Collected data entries
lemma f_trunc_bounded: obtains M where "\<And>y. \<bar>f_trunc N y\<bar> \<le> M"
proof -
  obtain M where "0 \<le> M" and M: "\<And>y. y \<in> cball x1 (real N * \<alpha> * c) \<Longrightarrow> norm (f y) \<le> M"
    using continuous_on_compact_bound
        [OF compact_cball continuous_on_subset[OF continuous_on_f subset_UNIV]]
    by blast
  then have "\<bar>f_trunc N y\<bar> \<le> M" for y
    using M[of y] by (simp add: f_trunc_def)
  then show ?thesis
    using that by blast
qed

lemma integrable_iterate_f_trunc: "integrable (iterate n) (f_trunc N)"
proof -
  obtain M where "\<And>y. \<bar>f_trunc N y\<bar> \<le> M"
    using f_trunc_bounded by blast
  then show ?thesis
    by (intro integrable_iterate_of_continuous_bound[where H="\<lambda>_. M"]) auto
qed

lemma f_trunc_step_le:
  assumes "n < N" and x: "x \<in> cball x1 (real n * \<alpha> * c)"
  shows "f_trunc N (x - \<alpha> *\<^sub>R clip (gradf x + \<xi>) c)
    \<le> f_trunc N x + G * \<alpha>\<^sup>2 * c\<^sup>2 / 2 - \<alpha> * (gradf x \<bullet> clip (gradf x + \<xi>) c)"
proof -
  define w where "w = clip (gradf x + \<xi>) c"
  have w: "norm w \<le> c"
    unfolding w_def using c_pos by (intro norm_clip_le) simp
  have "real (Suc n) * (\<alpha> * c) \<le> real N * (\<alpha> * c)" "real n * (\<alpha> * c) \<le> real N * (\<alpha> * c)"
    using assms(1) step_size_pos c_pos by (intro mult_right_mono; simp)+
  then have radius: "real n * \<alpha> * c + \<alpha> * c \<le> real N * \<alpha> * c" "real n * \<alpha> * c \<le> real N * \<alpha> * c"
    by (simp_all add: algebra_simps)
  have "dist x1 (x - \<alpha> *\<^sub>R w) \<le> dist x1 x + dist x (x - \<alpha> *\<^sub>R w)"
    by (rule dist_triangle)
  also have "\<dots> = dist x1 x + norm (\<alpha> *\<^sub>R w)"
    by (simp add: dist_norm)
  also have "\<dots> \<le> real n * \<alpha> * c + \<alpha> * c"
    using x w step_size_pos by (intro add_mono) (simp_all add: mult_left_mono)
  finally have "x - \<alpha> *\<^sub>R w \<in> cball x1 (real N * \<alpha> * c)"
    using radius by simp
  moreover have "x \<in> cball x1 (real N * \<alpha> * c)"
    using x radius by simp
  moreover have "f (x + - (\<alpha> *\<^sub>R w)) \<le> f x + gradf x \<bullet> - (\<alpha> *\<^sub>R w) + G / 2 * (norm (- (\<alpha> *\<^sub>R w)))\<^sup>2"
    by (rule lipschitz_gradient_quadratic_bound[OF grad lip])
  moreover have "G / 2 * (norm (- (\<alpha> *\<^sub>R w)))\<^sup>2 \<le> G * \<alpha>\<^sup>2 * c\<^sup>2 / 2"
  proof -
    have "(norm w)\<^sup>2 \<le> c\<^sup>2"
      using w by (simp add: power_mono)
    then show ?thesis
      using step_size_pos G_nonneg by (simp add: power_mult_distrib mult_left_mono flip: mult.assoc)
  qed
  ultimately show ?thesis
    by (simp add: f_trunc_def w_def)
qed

### [PROBLEM REQUIREMENTS]
From the entries above, return each line with the word "using" in it.

### [WORKED SOLUTION]
    using continuous_on_compact_bound
    using M[of y] by (simp add: f_trunc_def)
    using that by blast
    using f_trunc_bounded by blast
    unfolding w_def using c_pos by (intro norm_clip_le) simp
    using assms(1) step_size_pos c_pos by (intro mult_right_mono; simp)+
    using x w step_size_pos by (intro add_mono) (simp_all add: mult_left_mono)
    using radius by simp
    using x radius by simp
      using w by (simp add: power_mono)
      using step_size_pos G_nonneg by (simp add: power_mult_distrib mult_left_mono flip: mult.assoc)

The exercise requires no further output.